Work task: Write out each line below exactly as it appears.

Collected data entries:
lemma P_H_square_eq_scaleR_iff_conformal_on:
  fixes g :: "'a::euclidean_space \<Rightarrow> 'a \<Rightarrow> real" and h :: "'b::real_vector \<Rightarrow> 'b \<Rightarrow> real"
  assumes g: "inner_product_form g" and h: "inner_product_form h" and T: "linear T"
    and H: "subspace H" and H_ker: "H \<inter> ker T = {0}"
  shows "P_H g h T H \<circ> P_H g h T H = (\<lambda>v. r *\<^sub>R P_H g h T H v)
    \<longleftrightarrow> (\<forall>u\<in>H. \<forall>v\<in>H. h (T u) (T v) = r * g u v)"
proof
  assume "P_H g h T H \<circ> P_H g h T H = (\<lambda>v. r *\<^sub>R P_H g h T H v)"
  then have P_u: "P_H g h T H u = r *\<^sub>R u" if "u \<in> H" for u
    using P_H_eq_scaleR_on_subspace_if_square[OF g h T H H_ker] that by blast
  show "\<forall>u\<in>H. \<forall>v\<in>H. h (T u) (T v) = r * g u v"
  proof (intro ballI)
    fix u v assume "u \<in> H" "v \<in> H"
    then have "h (T u) (T v) = g (P_H g h T H u) v" by (simp add: P_H_inner[OF g h T H])
    also have "\<dots> = r * g u v" using \<open>u \<in> H\<close> by (simp add: P_u inner_product_form_simps[OF g])
    finally show "h (T u) (T v) = r * g u v" .
  qed
next
  assume "\<forall>u\<in>H. \<forall>v\<in>H. h (T u) (T v) = r * g u v"
  then show "P_H g h T H \<circ> P_H g h T H = (\<lambda>v. r *\<^sub>R P_H g h T H v)"
    using P_H_eq_scaleR_on_subspace_if_conformal[OF g h T H] P_H_in_subspace[OF g h T H]
    by (simp add: fun_eq_iff)
qed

Solution below:
lemma P_H_square_eq_scaleR_iff_conformal_on:
  fixes g :: "'a::euclidean_space \<Rightarrow> 'a \<Rightarrow> real" and h :: "'b::real_vector \<Rightarrow> 'b \<Rightarrow> real"
  assumes g: "inner_product_form g" and h: "inner_product_form h" and T: "linear T"
    and H: "subspace H" and H_ker: "H \<inter> ker T = {0}"
  shows "P_H g h T H \<circ> P_H g h T H = (\<lambda>v. r *\<^sub>R P_H g h T H v)
    \<longleftrightarrow> (\<forall>u\<in>H. \<forall>v\<in>H. h (T u) (T v) = r * g u v)"
proof
  assume "P_H g h T H \<circ> P_H g h T H = (\<lambda>v. r *\<^sub>R P_H g h T H v)"
  then have P_u: "P_H g h T H u = r *\<^sub>R u" if "u \<in> H" for u
    using P_H_eq_scaleR_on_subspace_if_square[OF g h T H H_ker] that by blast
  show "\<forall>u\<in>H. \<forall>v\<in>H. h (T u) (T v) = r * g u v"
  proof (intro ballI)
    fix u v assume "u \<in> H" "v \<in> H"
    then have "h (T u) (T v) = g (P_H g h T H u) v" by (simp add: P_H_inner[OF g h T H])
    also have "\<dots> = r * g u v" using \<open>u \<in> H\<close> by (simp add: P_u inner_product_form_simps[OF g])
    finally show "h (T u) (T v) = r * g u v" .
  qed
next
  assume "\<forall>u\<in>H. \<forall>v\<in>H. h (T u) (T v) = r * g u v"
  then show "P_H g h T H \<circ> P_H g h T H = (\<lambda>v. r *\<^sub>R P_H g h T H v)"
    using P_H_eq_scaleR_on_subspace_if_conformal[OF g h T H] P_H_in_subspace[OF g h T H]
    by (simp add: fun_eq_iff)
qed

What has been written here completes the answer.